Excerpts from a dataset
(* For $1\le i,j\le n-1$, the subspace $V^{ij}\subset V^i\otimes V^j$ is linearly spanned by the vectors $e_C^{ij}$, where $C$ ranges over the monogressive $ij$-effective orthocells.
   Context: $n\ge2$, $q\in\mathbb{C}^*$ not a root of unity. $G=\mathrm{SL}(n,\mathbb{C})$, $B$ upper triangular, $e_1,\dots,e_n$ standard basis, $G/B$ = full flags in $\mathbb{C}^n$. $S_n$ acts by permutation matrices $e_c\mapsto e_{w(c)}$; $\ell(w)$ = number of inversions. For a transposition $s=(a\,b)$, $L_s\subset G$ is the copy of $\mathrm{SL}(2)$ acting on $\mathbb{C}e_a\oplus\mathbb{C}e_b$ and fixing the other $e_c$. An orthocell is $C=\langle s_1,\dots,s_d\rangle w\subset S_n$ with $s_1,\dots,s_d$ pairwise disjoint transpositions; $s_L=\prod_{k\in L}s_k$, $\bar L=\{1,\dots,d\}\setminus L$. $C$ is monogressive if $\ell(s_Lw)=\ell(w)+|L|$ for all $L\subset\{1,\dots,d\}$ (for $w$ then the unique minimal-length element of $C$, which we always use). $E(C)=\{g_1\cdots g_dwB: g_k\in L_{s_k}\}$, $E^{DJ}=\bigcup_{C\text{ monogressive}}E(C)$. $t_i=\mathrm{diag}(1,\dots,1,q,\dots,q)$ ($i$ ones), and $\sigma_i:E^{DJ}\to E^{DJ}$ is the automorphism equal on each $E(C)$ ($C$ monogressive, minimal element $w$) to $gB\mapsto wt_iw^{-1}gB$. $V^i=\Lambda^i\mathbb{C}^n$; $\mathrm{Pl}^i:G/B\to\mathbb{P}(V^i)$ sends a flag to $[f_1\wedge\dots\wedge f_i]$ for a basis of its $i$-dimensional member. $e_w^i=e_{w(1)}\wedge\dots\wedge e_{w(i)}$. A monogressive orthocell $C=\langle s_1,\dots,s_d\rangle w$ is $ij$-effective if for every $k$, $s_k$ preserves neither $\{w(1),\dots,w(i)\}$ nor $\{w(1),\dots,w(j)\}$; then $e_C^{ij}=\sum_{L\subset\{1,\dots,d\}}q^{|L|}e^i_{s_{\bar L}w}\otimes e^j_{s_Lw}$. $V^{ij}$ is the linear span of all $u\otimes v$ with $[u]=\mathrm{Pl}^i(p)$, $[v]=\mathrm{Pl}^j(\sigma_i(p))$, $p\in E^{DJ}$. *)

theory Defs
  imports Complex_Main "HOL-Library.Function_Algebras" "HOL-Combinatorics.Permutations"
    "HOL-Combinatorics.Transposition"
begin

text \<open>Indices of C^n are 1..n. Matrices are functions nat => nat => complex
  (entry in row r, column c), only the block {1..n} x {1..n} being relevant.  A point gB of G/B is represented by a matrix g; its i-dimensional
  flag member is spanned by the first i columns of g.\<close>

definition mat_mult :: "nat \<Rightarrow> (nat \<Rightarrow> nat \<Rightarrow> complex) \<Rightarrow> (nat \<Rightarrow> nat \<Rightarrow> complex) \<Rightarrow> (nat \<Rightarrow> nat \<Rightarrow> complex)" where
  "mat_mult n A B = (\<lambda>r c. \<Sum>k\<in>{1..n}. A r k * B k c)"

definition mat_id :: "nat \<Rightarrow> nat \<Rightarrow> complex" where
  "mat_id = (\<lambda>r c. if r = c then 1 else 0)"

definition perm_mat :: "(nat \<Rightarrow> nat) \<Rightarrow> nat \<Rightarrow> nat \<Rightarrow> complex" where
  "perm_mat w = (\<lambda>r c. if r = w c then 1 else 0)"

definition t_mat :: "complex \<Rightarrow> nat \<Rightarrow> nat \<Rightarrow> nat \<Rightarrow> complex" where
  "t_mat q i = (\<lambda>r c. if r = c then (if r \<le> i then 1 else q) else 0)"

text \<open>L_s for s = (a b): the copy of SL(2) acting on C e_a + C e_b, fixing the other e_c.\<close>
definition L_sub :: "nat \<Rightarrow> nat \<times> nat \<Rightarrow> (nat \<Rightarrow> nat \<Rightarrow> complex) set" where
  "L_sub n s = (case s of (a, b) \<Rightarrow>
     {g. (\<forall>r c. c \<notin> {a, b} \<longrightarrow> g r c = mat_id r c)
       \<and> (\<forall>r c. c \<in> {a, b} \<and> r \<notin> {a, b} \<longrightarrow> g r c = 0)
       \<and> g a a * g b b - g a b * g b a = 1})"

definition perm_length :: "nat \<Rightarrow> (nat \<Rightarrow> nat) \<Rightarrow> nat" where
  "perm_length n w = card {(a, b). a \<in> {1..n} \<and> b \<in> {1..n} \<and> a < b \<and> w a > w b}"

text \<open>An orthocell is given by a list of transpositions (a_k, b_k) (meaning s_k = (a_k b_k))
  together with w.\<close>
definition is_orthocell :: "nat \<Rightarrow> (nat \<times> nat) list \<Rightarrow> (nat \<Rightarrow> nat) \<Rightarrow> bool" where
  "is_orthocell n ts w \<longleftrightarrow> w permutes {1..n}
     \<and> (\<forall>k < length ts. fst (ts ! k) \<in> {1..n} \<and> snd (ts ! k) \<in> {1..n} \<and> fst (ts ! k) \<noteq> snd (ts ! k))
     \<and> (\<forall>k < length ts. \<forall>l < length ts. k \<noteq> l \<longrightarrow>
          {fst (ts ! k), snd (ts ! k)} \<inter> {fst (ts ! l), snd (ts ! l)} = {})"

PROBLEM DESCRIPTION »
Say how many lines of the data above have the string "list" in them, and write nothing besides that number.

WRITTEN RESPONSE »
2